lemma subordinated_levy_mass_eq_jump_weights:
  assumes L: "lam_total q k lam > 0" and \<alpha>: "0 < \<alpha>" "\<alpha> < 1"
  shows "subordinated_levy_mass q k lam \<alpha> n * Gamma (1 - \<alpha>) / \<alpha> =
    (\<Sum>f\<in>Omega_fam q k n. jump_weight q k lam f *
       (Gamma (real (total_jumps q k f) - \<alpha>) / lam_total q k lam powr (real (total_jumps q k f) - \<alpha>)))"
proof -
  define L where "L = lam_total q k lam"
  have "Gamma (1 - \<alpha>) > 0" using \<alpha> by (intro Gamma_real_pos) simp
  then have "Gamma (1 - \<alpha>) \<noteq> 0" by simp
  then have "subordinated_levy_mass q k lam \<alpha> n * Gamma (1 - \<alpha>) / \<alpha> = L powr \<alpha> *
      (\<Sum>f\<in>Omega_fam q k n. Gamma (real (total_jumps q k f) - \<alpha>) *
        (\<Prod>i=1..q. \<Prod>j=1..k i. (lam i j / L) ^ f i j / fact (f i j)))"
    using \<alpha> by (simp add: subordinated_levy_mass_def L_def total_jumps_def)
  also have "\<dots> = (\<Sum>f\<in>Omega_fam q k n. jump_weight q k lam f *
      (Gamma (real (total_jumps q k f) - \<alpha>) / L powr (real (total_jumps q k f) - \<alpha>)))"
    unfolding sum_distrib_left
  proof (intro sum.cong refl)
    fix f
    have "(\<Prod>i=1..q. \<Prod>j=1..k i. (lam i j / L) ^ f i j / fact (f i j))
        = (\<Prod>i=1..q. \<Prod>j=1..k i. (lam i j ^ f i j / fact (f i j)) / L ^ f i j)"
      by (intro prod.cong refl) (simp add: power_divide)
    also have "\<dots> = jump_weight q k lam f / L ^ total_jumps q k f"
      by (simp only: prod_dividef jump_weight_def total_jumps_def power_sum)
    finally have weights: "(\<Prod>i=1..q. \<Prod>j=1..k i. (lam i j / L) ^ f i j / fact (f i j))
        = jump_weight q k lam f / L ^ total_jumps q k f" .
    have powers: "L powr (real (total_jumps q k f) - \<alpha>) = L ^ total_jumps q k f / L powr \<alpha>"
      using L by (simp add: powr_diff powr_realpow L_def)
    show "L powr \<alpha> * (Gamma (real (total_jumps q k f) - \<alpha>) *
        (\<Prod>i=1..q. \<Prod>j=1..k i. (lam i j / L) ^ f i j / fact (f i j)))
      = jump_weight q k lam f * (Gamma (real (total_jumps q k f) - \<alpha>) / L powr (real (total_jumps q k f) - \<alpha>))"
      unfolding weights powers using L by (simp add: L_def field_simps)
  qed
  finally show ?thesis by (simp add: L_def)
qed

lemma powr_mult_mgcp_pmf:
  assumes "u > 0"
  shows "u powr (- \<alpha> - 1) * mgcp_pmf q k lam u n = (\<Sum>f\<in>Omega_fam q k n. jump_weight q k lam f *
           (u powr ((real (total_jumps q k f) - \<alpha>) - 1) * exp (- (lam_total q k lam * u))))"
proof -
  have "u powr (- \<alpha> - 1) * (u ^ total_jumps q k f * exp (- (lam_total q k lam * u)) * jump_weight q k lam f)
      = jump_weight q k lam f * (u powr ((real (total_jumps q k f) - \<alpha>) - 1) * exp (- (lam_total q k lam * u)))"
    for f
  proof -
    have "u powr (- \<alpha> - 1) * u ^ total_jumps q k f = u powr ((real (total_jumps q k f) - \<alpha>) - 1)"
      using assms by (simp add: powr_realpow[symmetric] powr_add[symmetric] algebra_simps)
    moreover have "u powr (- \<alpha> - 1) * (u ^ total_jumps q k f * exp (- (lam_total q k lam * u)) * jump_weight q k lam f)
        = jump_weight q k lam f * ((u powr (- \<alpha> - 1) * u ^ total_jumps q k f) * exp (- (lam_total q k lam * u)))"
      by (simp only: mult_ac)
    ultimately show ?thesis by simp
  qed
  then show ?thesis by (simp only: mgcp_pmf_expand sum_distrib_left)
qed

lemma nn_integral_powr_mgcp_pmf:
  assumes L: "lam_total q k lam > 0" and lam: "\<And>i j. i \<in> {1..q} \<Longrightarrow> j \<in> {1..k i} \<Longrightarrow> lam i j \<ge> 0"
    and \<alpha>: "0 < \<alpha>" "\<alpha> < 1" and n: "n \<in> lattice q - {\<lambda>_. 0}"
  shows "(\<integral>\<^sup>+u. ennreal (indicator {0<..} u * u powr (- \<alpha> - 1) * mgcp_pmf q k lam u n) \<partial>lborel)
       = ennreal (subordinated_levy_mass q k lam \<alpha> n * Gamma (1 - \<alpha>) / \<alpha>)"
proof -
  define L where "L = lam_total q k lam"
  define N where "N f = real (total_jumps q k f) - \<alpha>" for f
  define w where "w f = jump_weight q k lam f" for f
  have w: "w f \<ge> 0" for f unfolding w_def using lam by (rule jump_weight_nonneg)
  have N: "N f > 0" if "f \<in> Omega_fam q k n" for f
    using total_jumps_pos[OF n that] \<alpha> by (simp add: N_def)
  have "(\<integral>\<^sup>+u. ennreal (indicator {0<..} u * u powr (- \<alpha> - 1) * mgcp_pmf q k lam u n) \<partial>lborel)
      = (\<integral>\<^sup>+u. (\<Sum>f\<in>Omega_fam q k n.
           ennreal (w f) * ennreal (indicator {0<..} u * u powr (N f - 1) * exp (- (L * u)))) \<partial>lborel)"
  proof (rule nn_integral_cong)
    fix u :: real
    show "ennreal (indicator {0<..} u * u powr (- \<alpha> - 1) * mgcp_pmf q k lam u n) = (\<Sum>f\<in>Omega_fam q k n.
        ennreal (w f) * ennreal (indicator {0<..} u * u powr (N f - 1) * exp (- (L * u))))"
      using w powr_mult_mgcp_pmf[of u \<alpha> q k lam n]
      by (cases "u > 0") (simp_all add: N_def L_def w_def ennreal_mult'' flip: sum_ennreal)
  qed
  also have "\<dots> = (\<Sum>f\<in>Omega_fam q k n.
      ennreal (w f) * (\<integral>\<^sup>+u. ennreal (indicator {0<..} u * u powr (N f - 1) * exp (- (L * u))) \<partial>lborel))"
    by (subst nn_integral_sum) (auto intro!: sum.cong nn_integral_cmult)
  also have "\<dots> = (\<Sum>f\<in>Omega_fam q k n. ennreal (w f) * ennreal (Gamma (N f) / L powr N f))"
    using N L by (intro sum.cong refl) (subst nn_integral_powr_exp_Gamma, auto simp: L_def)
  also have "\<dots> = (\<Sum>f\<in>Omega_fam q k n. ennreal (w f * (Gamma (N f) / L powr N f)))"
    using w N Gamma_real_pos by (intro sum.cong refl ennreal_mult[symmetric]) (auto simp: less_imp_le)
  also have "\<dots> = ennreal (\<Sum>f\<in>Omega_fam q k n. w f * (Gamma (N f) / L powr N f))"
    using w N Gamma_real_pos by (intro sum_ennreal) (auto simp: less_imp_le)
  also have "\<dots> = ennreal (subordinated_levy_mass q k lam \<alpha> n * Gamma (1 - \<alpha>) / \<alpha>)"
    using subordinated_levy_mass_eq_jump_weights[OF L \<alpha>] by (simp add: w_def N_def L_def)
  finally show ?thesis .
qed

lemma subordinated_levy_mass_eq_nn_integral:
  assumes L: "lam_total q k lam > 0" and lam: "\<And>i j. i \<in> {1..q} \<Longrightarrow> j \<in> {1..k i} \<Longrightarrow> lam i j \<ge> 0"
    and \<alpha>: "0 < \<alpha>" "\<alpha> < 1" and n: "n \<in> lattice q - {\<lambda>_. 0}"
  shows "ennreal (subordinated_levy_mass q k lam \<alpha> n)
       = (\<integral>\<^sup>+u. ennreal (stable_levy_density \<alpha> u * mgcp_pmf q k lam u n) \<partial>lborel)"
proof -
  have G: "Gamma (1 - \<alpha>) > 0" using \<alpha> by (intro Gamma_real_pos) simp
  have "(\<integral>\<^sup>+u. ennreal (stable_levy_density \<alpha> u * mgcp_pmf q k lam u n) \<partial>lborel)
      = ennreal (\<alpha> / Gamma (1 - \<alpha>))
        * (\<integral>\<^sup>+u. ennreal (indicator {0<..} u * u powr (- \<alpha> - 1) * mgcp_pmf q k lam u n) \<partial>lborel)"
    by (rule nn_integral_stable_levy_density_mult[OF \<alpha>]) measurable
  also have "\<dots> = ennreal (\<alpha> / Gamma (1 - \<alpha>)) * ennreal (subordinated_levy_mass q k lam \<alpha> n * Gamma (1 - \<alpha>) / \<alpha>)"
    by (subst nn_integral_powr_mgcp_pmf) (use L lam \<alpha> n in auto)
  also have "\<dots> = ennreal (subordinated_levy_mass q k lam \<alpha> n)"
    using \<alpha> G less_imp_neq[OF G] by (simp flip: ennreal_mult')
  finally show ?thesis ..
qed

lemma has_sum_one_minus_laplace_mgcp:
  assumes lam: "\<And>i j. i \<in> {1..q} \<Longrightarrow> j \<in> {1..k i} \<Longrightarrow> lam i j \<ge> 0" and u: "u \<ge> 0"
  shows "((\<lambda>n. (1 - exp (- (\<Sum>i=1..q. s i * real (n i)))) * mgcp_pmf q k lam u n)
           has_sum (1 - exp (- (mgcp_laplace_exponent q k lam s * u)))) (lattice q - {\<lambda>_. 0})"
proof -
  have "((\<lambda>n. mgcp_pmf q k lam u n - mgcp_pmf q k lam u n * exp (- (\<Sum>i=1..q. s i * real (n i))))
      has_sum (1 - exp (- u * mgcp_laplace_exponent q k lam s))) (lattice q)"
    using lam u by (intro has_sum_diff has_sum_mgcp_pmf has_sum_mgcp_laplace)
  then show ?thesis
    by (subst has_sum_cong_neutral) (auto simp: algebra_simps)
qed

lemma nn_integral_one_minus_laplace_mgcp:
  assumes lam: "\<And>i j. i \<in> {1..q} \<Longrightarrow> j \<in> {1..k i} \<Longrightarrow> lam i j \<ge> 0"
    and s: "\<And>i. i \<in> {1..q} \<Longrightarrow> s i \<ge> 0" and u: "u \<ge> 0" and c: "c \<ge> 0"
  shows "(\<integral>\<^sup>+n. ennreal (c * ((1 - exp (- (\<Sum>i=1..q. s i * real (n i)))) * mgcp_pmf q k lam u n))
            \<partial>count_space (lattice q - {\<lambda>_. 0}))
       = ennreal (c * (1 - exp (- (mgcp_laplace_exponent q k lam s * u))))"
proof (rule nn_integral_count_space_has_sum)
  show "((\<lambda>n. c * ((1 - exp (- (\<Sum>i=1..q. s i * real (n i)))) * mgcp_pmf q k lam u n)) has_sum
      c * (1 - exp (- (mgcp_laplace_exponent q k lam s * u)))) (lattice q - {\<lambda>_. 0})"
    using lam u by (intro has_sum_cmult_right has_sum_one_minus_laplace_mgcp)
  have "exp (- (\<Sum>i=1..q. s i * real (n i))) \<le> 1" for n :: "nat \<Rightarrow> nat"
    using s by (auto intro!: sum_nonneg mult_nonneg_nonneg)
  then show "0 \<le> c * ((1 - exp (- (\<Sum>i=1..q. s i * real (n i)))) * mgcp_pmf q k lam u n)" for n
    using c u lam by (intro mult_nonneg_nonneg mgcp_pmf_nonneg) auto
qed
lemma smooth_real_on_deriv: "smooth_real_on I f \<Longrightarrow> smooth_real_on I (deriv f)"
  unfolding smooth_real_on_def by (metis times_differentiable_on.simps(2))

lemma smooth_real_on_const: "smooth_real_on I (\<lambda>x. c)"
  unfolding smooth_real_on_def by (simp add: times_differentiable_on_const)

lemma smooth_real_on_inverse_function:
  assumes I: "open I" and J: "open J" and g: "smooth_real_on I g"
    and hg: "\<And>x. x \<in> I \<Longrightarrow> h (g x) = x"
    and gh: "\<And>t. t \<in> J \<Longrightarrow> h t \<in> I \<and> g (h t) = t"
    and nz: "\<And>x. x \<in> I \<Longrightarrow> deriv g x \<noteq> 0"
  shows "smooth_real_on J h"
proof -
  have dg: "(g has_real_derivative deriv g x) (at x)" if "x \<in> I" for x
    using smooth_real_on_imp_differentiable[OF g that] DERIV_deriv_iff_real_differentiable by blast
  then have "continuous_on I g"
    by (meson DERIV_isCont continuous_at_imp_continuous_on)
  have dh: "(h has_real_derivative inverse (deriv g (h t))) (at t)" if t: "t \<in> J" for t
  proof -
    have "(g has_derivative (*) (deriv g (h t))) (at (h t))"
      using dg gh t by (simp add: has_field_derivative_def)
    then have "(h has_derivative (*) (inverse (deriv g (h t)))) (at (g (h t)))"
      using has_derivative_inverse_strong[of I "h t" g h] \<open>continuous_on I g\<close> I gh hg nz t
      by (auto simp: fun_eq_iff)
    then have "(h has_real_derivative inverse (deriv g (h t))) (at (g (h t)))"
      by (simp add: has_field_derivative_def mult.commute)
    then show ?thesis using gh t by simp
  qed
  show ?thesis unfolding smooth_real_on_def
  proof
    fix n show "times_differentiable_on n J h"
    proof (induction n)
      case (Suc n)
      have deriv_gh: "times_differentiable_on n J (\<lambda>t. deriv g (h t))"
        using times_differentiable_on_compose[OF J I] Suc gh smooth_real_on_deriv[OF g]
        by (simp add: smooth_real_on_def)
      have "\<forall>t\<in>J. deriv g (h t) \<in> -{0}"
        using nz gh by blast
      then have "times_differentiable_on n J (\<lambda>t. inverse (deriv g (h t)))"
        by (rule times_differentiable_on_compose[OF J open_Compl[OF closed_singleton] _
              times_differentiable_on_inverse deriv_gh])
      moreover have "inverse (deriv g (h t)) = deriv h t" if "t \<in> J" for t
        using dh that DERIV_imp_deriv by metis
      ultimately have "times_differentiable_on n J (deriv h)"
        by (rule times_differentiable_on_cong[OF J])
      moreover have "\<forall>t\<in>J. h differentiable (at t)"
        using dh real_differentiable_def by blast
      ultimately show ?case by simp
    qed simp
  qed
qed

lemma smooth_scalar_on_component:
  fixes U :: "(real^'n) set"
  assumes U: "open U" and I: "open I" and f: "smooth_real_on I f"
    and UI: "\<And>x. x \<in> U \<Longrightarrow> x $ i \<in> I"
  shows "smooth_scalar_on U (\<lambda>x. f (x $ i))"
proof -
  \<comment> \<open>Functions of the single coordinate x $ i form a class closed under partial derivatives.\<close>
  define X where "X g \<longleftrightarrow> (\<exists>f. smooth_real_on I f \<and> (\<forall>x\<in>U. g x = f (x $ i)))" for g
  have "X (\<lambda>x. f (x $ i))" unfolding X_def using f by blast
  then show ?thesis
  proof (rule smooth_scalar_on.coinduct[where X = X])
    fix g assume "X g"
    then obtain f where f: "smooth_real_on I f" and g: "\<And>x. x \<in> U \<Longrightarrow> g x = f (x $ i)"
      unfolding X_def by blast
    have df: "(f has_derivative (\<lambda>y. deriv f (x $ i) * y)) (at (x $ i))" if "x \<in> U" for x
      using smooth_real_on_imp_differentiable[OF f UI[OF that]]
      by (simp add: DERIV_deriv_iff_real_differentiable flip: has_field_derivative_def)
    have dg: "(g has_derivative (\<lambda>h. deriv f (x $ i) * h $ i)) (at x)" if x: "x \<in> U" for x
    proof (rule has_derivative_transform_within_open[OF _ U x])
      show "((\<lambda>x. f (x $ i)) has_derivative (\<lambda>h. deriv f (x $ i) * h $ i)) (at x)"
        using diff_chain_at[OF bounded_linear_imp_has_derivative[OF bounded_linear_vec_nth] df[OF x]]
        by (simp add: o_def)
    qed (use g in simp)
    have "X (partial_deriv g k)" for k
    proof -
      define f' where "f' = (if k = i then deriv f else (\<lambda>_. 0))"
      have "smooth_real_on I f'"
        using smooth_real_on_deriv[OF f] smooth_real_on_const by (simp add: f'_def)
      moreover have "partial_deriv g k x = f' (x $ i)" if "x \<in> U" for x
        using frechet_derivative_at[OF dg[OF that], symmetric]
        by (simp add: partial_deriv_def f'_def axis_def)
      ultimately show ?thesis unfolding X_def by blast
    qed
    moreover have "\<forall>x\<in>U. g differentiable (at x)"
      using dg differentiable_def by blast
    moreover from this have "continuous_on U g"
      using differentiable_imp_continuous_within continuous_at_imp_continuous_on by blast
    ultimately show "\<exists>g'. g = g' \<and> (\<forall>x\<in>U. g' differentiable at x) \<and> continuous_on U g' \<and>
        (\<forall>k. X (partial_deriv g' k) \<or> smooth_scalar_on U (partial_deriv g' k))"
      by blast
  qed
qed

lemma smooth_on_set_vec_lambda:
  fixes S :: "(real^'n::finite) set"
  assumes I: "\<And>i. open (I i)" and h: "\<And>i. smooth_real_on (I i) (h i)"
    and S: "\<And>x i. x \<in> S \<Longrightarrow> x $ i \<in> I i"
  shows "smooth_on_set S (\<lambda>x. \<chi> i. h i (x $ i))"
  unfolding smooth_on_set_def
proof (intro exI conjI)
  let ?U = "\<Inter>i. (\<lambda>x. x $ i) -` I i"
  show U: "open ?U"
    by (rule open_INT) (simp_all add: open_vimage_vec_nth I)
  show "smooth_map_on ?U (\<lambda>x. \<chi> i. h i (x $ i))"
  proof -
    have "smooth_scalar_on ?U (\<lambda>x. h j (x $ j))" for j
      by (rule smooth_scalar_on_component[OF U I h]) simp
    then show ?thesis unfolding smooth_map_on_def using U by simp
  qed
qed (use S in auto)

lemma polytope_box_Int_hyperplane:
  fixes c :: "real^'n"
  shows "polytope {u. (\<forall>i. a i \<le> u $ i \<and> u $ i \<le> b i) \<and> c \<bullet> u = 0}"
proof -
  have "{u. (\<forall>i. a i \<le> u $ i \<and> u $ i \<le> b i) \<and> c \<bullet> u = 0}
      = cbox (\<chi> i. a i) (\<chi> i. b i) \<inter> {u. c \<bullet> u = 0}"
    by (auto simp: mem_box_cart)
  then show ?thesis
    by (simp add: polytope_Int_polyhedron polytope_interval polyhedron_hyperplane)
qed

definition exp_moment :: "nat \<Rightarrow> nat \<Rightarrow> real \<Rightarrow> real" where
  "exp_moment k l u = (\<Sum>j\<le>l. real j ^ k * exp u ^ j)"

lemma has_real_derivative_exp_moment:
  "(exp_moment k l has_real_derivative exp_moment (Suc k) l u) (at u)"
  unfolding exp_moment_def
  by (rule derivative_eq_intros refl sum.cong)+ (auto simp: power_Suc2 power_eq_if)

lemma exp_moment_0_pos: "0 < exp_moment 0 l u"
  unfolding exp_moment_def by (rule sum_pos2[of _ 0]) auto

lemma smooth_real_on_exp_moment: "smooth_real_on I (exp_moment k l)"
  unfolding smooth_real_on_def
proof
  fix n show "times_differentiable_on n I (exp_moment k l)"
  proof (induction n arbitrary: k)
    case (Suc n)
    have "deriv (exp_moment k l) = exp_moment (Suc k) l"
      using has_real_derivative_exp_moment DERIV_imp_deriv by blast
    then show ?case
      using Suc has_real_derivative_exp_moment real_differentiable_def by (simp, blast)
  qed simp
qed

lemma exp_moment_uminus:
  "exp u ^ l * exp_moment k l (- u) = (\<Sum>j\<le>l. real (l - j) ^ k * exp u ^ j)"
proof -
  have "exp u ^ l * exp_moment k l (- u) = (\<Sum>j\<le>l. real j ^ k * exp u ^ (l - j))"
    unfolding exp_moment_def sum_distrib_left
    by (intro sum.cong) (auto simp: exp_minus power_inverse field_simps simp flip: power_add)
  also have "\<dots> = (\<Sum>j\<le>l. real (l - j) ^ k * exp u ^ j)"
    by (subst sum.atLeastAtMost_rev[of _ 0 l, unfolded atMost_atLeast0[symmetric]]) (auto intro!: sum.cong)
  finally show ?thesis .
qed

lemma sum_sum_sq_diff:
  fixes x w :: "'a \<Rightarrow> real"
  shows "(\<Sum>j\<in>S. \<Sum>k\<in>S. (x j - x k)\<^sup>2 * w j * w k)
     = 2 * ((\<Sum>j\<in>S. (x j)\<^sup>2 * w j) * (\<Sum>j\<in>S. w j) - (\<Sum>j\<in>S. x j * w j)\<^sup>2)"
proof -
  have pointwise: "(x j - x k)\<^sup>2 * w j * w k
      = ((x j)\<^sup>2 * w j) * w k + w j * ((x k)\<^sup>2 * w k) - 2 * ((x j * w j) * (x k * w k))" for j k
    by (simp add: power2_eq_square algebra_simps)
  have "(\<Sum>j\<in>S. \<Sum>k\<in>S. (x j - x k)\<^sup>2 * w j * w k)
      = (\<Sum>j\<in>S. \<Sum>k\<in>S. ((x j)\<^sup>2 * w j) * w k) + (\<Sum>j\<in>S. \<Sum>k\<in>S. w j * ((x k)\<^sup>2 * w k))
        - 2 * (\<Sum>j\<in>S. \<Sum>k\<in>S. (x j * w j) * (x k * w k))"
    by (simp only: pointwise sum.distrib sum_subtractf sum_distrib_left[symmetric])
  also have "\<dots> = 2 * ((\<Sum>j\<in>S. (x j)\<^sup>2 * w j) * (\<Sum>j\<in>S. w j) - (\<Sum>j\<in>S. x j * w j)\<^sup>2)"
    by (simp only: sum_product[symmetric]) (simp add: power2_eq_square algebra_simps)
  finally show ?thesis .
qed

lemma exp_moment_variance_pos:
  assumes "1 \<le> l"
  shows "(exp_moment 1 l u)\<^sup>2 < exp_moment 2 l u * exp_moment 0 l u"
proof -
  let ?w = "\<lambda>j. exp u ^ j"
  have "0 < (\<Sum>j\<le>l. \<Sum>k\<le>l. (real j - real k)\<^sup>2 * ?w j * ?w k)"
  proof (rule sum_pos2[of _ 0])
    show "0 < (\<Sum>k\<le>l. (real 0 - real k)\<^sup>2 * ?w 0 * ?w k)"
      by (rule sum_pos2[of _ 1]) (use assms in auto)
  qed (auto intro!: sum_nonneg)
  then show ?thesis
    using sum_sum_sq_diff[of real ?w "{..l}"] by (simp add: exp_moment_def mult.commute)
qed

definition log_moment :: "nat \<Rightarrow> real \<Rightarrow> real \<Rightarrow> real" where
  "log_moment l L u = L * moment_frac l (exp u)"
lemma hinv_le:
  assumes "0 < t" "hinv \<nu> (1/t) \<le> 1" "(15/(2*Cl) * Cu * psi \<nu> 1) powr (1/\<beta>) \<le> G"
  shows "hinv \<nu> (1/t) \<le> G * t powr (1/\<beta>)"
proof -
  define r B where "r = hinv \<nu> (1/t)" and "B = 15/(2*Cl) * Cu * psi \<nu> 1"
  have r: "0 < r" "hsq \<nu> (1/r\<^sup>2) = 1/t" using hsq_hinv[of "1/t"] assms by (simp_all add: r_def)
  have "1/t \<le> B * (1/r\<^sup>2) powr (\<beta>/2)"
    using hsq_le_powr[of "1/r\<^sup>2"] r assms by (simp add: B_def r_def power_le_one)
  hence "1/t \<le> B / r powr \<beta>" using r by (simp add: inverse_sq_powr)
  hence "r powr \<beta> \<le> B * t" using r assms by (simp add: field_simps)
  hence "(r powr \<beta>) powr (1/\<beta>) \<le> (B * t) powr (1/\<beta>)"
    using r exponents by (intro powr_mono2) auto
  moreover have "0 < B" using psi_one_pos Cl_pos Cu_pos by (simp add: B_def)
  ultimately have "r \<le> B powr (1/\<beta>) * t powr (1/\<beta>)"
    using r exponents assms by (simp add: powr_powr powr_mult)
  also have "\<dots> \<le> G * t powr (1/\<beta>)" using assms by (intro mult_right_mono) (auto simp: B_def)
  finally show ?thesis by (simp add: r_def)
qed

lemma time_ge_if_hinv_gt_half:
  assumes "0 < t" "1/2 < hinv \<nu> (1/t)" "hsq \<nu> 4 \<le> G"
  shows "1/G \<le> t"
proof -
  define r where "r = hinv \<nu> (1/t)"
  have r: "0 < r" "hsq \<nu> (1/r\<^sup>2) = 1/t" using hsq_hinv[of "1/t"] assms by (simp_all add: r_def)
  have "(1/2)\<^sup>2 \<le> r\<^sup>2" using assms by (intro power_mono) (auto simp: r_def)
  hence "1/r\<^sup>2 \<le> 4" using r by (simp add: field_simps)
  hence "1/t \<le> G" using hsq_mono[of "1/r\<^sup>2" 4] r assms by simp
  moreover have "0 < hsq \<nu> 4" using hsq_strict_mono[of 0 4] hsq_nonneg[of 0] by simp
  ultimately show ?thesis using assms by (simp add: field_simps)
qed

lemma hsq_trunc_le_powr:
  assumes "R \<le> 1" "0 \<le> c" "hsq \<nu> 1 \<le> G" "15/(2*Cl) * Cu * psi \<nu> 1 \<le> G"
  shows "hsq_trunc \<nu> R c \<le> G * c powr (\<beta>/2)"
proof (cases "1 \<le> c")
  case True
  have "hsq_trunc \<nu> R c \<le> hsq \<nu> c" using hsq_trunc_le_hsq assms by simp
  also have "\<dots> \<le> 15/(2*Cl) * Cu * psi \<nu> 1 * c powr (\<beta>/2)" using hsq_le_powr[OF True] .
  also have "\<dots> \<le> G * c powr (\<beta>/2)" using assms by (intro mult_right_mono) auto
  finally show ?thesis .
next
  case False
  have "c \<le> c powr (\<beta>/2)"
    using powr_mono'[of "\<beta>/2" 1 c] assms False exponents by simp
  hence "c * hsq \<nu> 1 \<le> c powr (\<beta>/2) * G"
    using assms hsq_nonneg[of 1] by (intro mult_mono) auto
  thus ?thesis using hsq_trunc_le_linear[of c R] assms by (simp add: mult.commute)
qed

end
___
Task to carry out:
Pull every line containing "subst" from the entries above and copy it.

Written response:
    by (subst nn_integral_sum) (auto intro!: sum.cong nn_integral_cmult)
    using N L by (intro sum.cong refl) (subst nn_integral_powr_exp_Gamma, auto simp: L_def)
    by (subst nn_integral_powr_mgcp_pmf) (use L lam \<alpha> n in auto)
    by (subst has_sum_cong_neutral) (auto simp: algebra_simps)
    by (subst sum.atLeastAtMost_rev[of _ 0 l, unfolded atMost_atLeast0[symmetric]]) (auto intro!: sum.cong)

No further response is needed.